Сколько же их тут собралось, ристанийцев? – задумался Мерри. В сгущавшейся тьме на глазок было не прикинуть, но вроде бы большое, многотысячное войско. А пока он вертел головой, дружина конунга оказалась возле огромной скалы у восточного края долины; дорога вдруг пошла в гору, и Мерри изумленно поднял взгляд. Таких дорог он еще не видывал: верно, люди проложили ее во времена совсем уж незапамятные. Змеею вилась она вверх, врезаясь в отвесную скалу. Крутая, точно лестница, она открывала обзор то спереди, то сзади. Лошади этот подъем кое-как одолевали; можно было втащить и повозки, но никакой враг ниоткуда не смог бы обойти защитников, разве что с воздуха. На каждом повороте дороги высились грубые изваяния: человекоподобные фигуры сидели, поджав ноги и сложив толстые руки на пухлых животах. Черты лица у многих с годами стерлись, лишь черные глазные дыры взирали на мимоезжих. Конники их вниманием не удостаивали. Назывались они Пукколы, колдовской силы не имели, страха никому не внушали; и Мерри провожал изумленным и почти что жалостным взглядом эти выступавшие из сумрака фигуры.
Потом он глянул назад и увидел, что взобрался уже высоко, и все равно в тумане видно было, как снизу идут конники – нескончаемой вереницей идут и расходятся по лагерю. Лишь конунг с приближенными ехали вверх, в Укрывище.
Наконец они выехали на край обрыва, а дорога вела все вверх, крутым склоном к скалистой расселине, а за нею расстилалась долина. Звалась она Фириэнфельд – широкая это была и красивая долина, травянистая, поросшая вереском, над бурным ложем Снеговой, по южным склонам Старкгорна и северным отлогам зубчатого хребта Ирензаги; туда-то и направлялись конники, и перед ними вздымался Двиморберг, Гора Призраков с ее одетыми мрачным сосняком кручами. Долину пересекал двойной ряд неуклюжих каменных вех; дорога между ними уходила в сумрак и пропадала среди сосен. Отважься кто-нибудь по ней поехать – он вскоре оказался бы в лесной мгле Димхолта, увидел бы зловещий столп и зияющие Запретные Врата.
Таков был угрюмый Дунхерг, сооруженный древним людским племенем, о котором ни песни, ни сказания не сохранили памяти. И неведомо было, что воздвигали древние строители – то ли город, то ли тайный храм, то ли царскую усыпальницу. Трудились они в Темные Века, задолго до того, как приплыли корабли к западным берегам и дунаданцы основали Гондор, и давным-давно сгинул этот народ, одни лишь Пукколы упрямо сидели на изгибах дороги.

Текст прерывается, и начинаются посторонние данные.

(* As formal power series in $q$, $$\frac{1}{\prod_{i=1}^\infty(1-q^{ki})}\,m^\infty_\nu(q,k)=\sum_{\delta\in\mathcal P}q^{k|\delta|}\sum_{T\in D(\nu)}q^{\sum_{i=1}^k|\lambda_i(T)|}.$$
   Context: Identify a partition $\lambda=(a_1\ge a_2\ge\cdots)$ with $\sum_ja_j\epsilon_j$ in $\Lambda=\bigoplus_{j\ge1}\mathbb Z\epsilon_j$; put $\omega_i=\epsilon_1+\dots+\epsilon_i$; partitions are exactly elements with all $\omega$-coordinates $\ge0$. For $x,y\in\Lambda$, $y\le x$ means $x-y$ has all $\omega$-coordinates $\ge0$. $\mathcal P$ = partitions, $\mathcal P^k$ = $k$-tuples; $|\lambda|$ = number of boxes. $SST(\nu)$ = semistandard tableaux of shape $\nu$ with entries in $\mathbb Z_{>0}$, with the standard $\mathfrak{gl}_\infty$-crystal structure. For $T\in SST(\nu)$: $\mathrm{wt}(T)=\sum_j(\#\text{entries }j)\epsilon_j$, $\varepsilon_i(T)=\max\{m\ge0:\tilde e_i^mT\ne0\}$, $\varepsilon(T)=\sum_i\varepsilon_i(T)\omega_i$. $\mathrm{CLR}^\lambda_{\alpha,\nu}=\{T\in SST(\nu):\varepsilon(T)\le\alpha,\ \alpha+\mathrm{wt}(T)=\lambda\}$; it is known that $|\mathrm{CLR}^\lambda_{\alpha,\nu}|=c^\lambda_{\alpha,\nu}$, the Littlewood–Richardson coefficient. Fix $k\ge1$, partitions $\nu=(\nu_1^+,\nu_1^-,\dots,\nu_k^+,\nu_k^-)$; indices cyclic mod $k$ ($\lambda_0:=\lambda_k$). $\underline{SST}(\nu)=\prod_iSST(\nu_i^+)\times SST(\nu_i^-)$, $T=(T_1^+,T_1^-,\dots,T_k^+,T_k^-)$, $\mathrm{wt}(T_i)=\mathrm{wt}(T_i^+)-\mathrm{wt}(T_i^-)$. $\underline{\mathrm{CLR}}^\lambda_{\alpha,\nu}=\prod_{i=1}^k\mathrm{CLR}^{\lambda_i}_{\alpha_i,\nu_i^+}\times\mathrm{CLR}^{\lambda_{i-1}}_{\alpha_i,\nu_i^-}$. $D(\nu)$ = set of $T\in\underline{SST}(\nu)$ lying in some $\underline{\mathrm{CLR}}^\lambda_{\alpha,\nu}$ with $\lambda,\alpha\in\mathcal P^k$ (distinguished tableaux). For $T\in D(\nu)$, $\lambda_{\min}(T)$ is the coordinatewise (in $\omega$-coordinates) maximum of $S_i^\pm=\varepsilon(T_i^\pm)+\mathrm{wt}(T_i^+)-\sum_{j=2}^i\mathrm{wt}(T_j)$, $i=1,\dots,k$, and $\lambda_i(T)=\lambda_{\min}(T)+\sum_{j=2}^i\mathrm{wt}(T_j)$ (a partition). The stable $q$-multiplicity is $$m^\infty_\nu(q,k)=\Big[\prod_{i=1}^\infty(1-q^{ki})\Big]\sum_{\alpha,\lambda\in\mathcal P^k}q^{\sum_i|\lambda_i|}\prod_{i=1}^kc^{\lambda_i}_{\alpha_i,\nu_i^+}c^{\lambda_{i-1}}_{\alpha_i,\nu_i^-}.$$ *)

theory Defs
  imports "HOL-Analysis.Analysis" "HOL-Computational_Algebra.Formal_Power_Series"
begin

(* Elements of Lambda = direct sum of Z eps_j (j >= 1): finitely supported functions nat => int,
   with the unused index 0 forced to be 0. *)
type_synonym lwt = "nat \<Rightarrow> int"
(* A tableau: (row, column) => entry, rows/columns 1-based, row 1 on top, 0 outside the shape. *)
type_synonym tab = "nat \<times> nat \<Rightarrow> nat"

definition in_Lambda :: "lwt \<Rightarrow> bool" where
  "in_Lambda x \<longleftrightarrow> x 0 = 0 \<and> finite {j. x j \<noteq> 0}"

(* omega-coordinates: x = sum_i (x_i - x_{i+1}) omega_i *)
definition omega_coord :: "lwt \<Rightarrow> nat \<Rightarrow> int" where
  "omega_coord x i = x i - x (Suc i)"

(* the element sum_{i>=1} c_i omega_i (c finitely supported) *)
definition from_omega :: "(nat \<Rightarrow> int) \<Rightarrow> lwt" where
  "from_omega c j = (if j = 0 then 0 else (\<Sum>i\<in>{i. j \<le> i \<and> c i \<noteq> 0}. c i))"

definition is_partition :: "lwt \<Rightarrow> bool" where
  "is_partition x \<longleftrightarrow> in_Lambda x \<and> (\<forall>i\<ge>1. omega_coord x i \<ge> 0)"

definition dom_le :: "lwt \<Rightarrow> lwt \<Rightarrow> bool" where
  "dom_le y x \<longleftrightarrow> (\<forall>i\<ge>1. omega_coord (\<lambda>j. x j - y j) i \<ge> 0)"

definition boxes :: "lwt \<Rightarrow> nat" where
  "boxes x = nat (\<Sum>j\<in>{j. x j \<noteq> 0}. x j)"

definition cells :: "lwt \<Rightarrow> (nat \<times> nat) set" where
  "cells \<nu> = {(r, c). 1 \<le> r \<and> 1 \<le> c \<and> int c \<le> \<nu> r}"

definition SST :: "lwt \<Rightarrow> tab set" where
  "SST \<nu> = {T. (\<forall>p. p \<notin> cells \<nu> \<longrightarrow> T p = 0)
              \<and> (\<forall>p\<in>cells \<nu>. 1 \<le> T p)
              \<and> (\<forall>r c. (r, c) \<in> cells \<nu> \<and> (r, Suc c) \<in> cells \<nu> \<longrightarrow> T (r, c) \<le> T (r, Suc c))
              \<and> (\<forall>r c. (r, c) \<in> cells \<nu> \<and> (Suc r, c) \<in> cells \<nu> \<longrightarrow> T (r, c) < T (Suc r, c))}"

definition wt_tab :: "tab \<Rightarrow> lwt" where
  "wt_tab T j = (if j = 0 then 0 else int (card {p. T p = j}))"

definition nrows :: "lwt \<Rightarrow> nat" where
  "nrows \<nu> = card {j. \<nu> j \<noteq> 0}"

definition read_cells :: "lwt \<Rightarrow> (nat \<times> nat) list" where
  "read_cells \<nu> = concat (map (\<lambda>r. map (\<lambda>c. (r, c)) [1..<nat (\<nu> r) + 1]) (rev [1..<nrows \<nu> + 1]))"

(* signature rule: scanning left to right, a letter i+1 is pushed, a letter i cancels the
   nearest preceding uncancelled i+1.  Result: positions of the uncancelled letters i+1,
   the leftmost one being the last element of the list. *)
fun sig_stack :: "nat \<Rightarrow> 'p list \<Rightarrow> ('p \<times> nat) list \<Rightarrow> 'p list" where
  "sig_stack i st [] = st"
| "sig_stack i st ((p, x) # w) =
     (if x = Suc i then sig_stack i (p # st) w
      else if x = i then sig_stack i (drop 1 st) w
      else sig_stack i st w)"

(* Kashiwara operator e~_i on SST(nu); None stands for 0 *)
definition e_tab :: "lwt \<Rightarrow> nat \<Rightarrow> tab \<Rightarrow> tab option" where
  "e_tab \<nu> i T = (let st = sig_stack i [] (map (\<lambda>p. (p, T p)) (read_cells \<nu>))
                   in if st = [] then None else Some (T(last st := i)))"

fun e_pow :: "lwt \<Rightarrow> nat \<Rightarrow> nat \<Rightarrow> tab \<Rightarrow> tab option" where
  "e_pow \<nu> i 0 T = Some T"
| "e_pow \<nu> i (Suc m) T = (case e_pow \<nu> i m T of None \<Rightarrow> None | Some T' \<Rightarrow> e_tab \<nu> i T')"

definition eps_i :: "lwt \<Rightarrow> nat \<Rightarrow> tab \<Rightarrow> nat" where
  "eps_i \<nu> i T = (GREATEST m. e_pow \<nu> i m T \<noteq> None)"

definition eps_vec :: "lwt \<Rightarrow> tab \<Rightarrow> lwt" where
  "eps_vec \<nu> T = from_omega (\<lambda>i. if i = 0 then 0 else int (eps_i \<nu> i T))"

definition CLR :: "lwt \<Rightarrow> lwt \<Rightarrow> lwt \<Rightarrow> tab set" where
  "CLR lam \<alpha> \<nu> = {T \<in> SST \<nu>. dom_le (eps_vec \<nu> T) \<alpha> \<and> (\<forall>j. \<alpha> j + wt_tab T j = lam j)}"

(* Littlewood-Richardson coefficient, via the known identity |CLR| = c *)
definition lr_coeff :: "lwt \<Rightarrow> lwt \<Rightarrow> lwt \<Rightarrow> nat" where
  "lr_coeff lam \<alpha> \<nu> = card (CLR lam \<alpha> \<nu>)"

definition prev :: "nat \<Rightarrow> nat \<Rightarrow> nat" where
  "prev k i = (if i = 1 then k else i - 1)"

definition is_ptuple :: "nat \<Rightarrow> (nat \<Rightarrow> lwt) \<Rightarrow> bool" where
  "is_ptuple k x \<longleftrightarrow> (\<forall>i\<in>{1..k}. is_partition (x i)) \<and> (\<forall>i. i \<notin> {1..k} \<longrightarrow> x i = (\<lambda>_. 0))"

definition prodP :: "nat \<Rightarrow> real fps" where
  "prodP k = Abs_fps (\<lambda>n. fps_nth (\<Prod>i\<in>{1..n}. 1 - fps_X ^ (k * i)) n)"

definition m_inf :: "nat \<Rightarrow> (nat \<Rightarrow> lwt) \<Rightarrow> (nat \<Rightarrow> lwt) \<Rightarrow> real fps" where
  "m_inf k nup num = prodP k * Abs_fps (\<lambda>n.
     infsum (\<lambda>p. real (\<Prod>i\<in>{1..k}. lr_coeff (snd p i) (fst p i) (nup i)
                                    * lr_coeff (snd p (prev k i)) (fst p i) (num i)))
       {(\<alpha>, lam). is_ptuple k \<alpha> \<and> is_ptuple k lam \<and> (\<Sum>i\<in>{1..k}. boxes (lam i)) = n})"

(* distinguished tableaux; T = (T^+, T^-) with T^+ i = T_i^+, T^- i = T_i^- *)
definition Dtab :: "nat \<Rightarrow> (nat \<Rightarrow> lwt) \<Rightarrow> (nat \<Rightarrow> lwt) \<Rightarrow> ((nat \<Rightarrow> tab) \<times> (nat \<Rightarrow> tab)) set" where
  "Dtab k nup num = {(Tp, Tm).
     (\<forall>i\<in>{1..k}. Tp i \<in> SST (nup i) \<and> Tm i \<in> SST (num i))
     \<and> (\<forall>i. i \<notin> {1..k} \<longrightarrow> Tp i = (\<lambda>_. 0) \<and> Tm i = (\<lambda>_. 0))
     \<and> (\<exists>lam \<alpha>. is_ptuple k lam \<and> is_ptuple k \<alpha> \<and>
          (\<forall>i\<in>{1..k}. Tp i \<in> CLR (lam i) (\<alpha> i) (nup i) \<and> Tm i \<in> CLR (lam (prev k i)) (\<alpha> i) (num i)))}"

definition cumwt :: "(nat \<Rightarrow> tab) \<Rightarrow> (nat \<Rightarrow> tab) \<Rightarrow> nat \<Rightarrow> lwt" where
  "cumwt Tp Tm i = (\<lambda>j. \<Sum>l\<in>{2..i}. wt_tab (Tp l) j - wt_tab (Tm l) j)"

definition S_plus :: "(nat \<Rightarrow> lwt) \<Rightarrow> (nat \<Rightarrow> tab) \<Rightarrow> (nat \<Rightarrow> tab) \<Rightarrow> nat \<Rightarrow> lwt" where
  "S_plus nup Tp Tm i = (\<lambda>j. eps_vec (nup i) (Tp i) j + wt_tab (Tp i) j - cumwt Tp Tm i j)"

definition S_minus :: "(nat \<Rightarrow> lwt) \<Rightarrow> (nat \<Rightarrow> tab) \<Rightarrow> (nat \<Rightarrow> tab) \<Rightarrow> nat \<Rightarrow> lwt" where
  "S_minus num Tp Tm i = (\<lambda>j. eps_vec (num i) (Tm i) j + wt_tab (Tp i) j - cumwt Tp Tm i j)"

definition lam_min :: "nat \<Rightarrow> (nat \<Rightarrow> lwt) \<Rightarrow> (nat \<Rightarrow> lwt) \<Rightarrow> (nat \<Rightarrow> tab) \<Rightarrow> (nat \<Rightarrow> tab) \<Rightarrow> lwt" where
  "lam_min k nup num Tp Tm = from_omega (\<lambda>a.
     Max ((\<lambda>i. omega_coord (S_plus nup Tp Tm i) a) ` {1..k}
          \<union> (\<lambda>i. omega_coord (S_minus num Tp Tm i) a) ` {1..k}))"

definition lam_T :: "nat \<Rightarrow> (nat \<Rightarrow> lwt) \<Rightarrow> (nat \<Rightarrow> lwt) \<Rightarrow> (nat \<Rightarrow> tab) \<Rightarrow> (nat \<Rightarrow> tab) \<Rightarrow> nat \<Rightarrow> lwt" where
  "lam_T k nup num Tp Tm i = (\<lambda>j. lam_min k nup num Tp Tm j + cumwt Tp Tm i j)"

end

theory Submission
  imports Defs
begin

text \<open>
  Fix \<open>T \<in> D(\<nu>)\<close>. The pairs \<open>(\<alpha>, \<lambda>)\<close> with \<open>T \<in> CLR\<^sup>\<lambda>\<^sub>\<alpha>\<^sub>,\<^sub>\<nu>\<close> are rigid: consecutive conditions
  share \<open>\<alpha>\<^sub>i\<close>, so \<open>\<lambda>\<^sub>i = \<lambda>\<^sub>1 + \<Sum>\<^sub>j\<^sub>=\<^sub>2\<^sup>i wt(T\<^sub>j)\<close> and \<open>\<alpha>\<^sub>i = \<lambda>\<^sub>i - wt(T\<^sub>i\<^sup>+)\<close>, and everything is
  determined by \<open>\<lambda>\<^sub>1\<close>. The conditions \<open>\<epsilon>(T\<^sub>i\<^sup>\<plusminus>) \<le> \<alpha>\<^sub>i\<close> say precisely that \<open>\<lambda>\<^sub>1\<close> dominates every
  \<open>S\<^sub>i\<^sup>\<plusminus>\<close>, i.e. \<open>\<lambda>\<^sub>1 - \<lambda>_min(T)\<close> is a partition \<open>\<delta>\<close>. Conversely every partition \<open>\<delta>\<close> arises, because
  \<open>\<epsilon>(T)\<close> and \<open>\<epsilon>(T) + wt(T)\<close> have non-negative \<open>\<omega>\<close>-coordinates (two estimates read off the
  signature rule), which makes all \<open>\<lambda>\<^sub>i\<close> and \<open>\<alpha>\<^sub>i\<close> partitions. So \<open>(\<alpha>, \<lambda>, T) \<mapsto> (\<delta>, T)\<close> is a
  bijection onto \<open>\<P> \<times> D(\<nu>)\<close> with \<open>\<Sum>|\<lambda>\<^sub>i| = k|\<delta>| + \<Sum>|\<lambda>\<^sub>i(T)|\<close>, and comparing coefficients of
  \<open>q\<^sup>n\<close> gives the identity; the factor \<open>\<Prod>(1 - q\<^sup>k\<^sup>i)\<close> cancels since its constant term is \<open>1\<close>.
\<close>

lemma infsum_card_eq_card_Sigma:
  assumes "finite (Sigma A W)"
  shows "infsum (\<lambda>p. real (card (W p))) A = real (card (Sigma A W))"
proof -
  let ?S = "fst ` Sigma A W"
  have S: "finite ?S" "?S \<subseteq> A" using assms by auto
  have W: "finite (W p)" if "p \<in> ?S" for p
  proof -
    have "W p \<subseteq> snd ` Sigma A W" using that by force
    then show ?thesis using assms finite_subset by blast
  qed
  have "infsum (\<lambda>p. real (card (W p))) A = infsum (\<lambda>p. real (card (W p))) ?S"
  proof (rule infsum_cong_neutral)
    fix p assume "p \<in> A - ?S"
    then have "W p = {}" by force
    then show "real (card (W p)) = 0" by simp
  qed auto
  also have "\<dots> = real (\<Sum>p\<in>?S. card (W p))" using S by simp
  also have "(\<Sum>p\<in>?S. card (W p)) = card (Sigma ?S W)" using S W by (simp add: card_SigmaI)
  also have "Sigma ?S W = Sigma A W" by force
  finally show ?thesis .
qed

section \<open>The lattice \<open>\<Lambda>\<close> and partitions\<close>

lemma in_Lambda_add: "in_Lambda x \<Longrightarrow> in_Lambda y \<Longrightarrow> in_Lambda (\<lambda>j. x j + y j)"
  unfolding in_Lambda_def
  by (auto intro: finite_subset[of _ "{j. x j \<noteq> 0} \<union> {j. y j \<noteq> 0}"])

lemma in_Lambda_diff: "in_Lambda x \<Longrightarrow> in_Lambda y \<Longrightarrow> in_Lambda (\<lambda>j. x j - y j)"
  unfolding in_Lambda_def
  by (auto intro: finite_subset[of _ "{j. x j \<noteq> 0} \<union> {j. y j \<noteq> 0}"])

Мерри взглянул на каменные зубья, на их неровный строй: они исчернели и выветрились, те покосились, другие упали, третьи надломились или искрошились – ни дать ни взять голодный старческий оскал. Он подумал, зачем бы им тут торчать, и понадеялся, что конунг не поедет между ними в густеющую темень. Потом он различил по обеим сторонам дороги множество палаток и навесов, но расположены они были поодаль от сумрачного леса и даже теснились к обрыву. Большая часть лагеря находилась справа, где Фириэнфельд распластался вширь, а слева палаток было поменьше, и среди них высился шатер. Оттуда выехал навстречу им конник, и они свернули с дороги.
Конник приблизился, и Мерри увидел, что это женщина – длинные перевитые волосы ее блистали в сумерках, но она была в шлеме, одета в кольчугу, опоясана мечом.
– Привет тебе, властитель Мустангрима! – воскликнула она. – Всем сердцем радуюсь твоему возвращению.
– Нерадостный у тебя голос, Эовин, – молвил конунг. – Ты чем-то опечалена?
– Нет, все идет как должно, – отвечала она и вправду глухим голосом, словно превозмогая слезы; да едва ли, подумал Мерри, вон у нее какое суровое лицо. – Все как должно. Конечно, людям тяжко было в одночасье собираться в дальний путь и покидать родные дома. Многие горько роптали – давно уж не звучал призыв на брань средь наших зеленых равнин, – но непокорства не было. Ополченье, как видишь, в сборе. И ночлег твой готов: я наслышана о вашей победе и знала, когда тебя ждать.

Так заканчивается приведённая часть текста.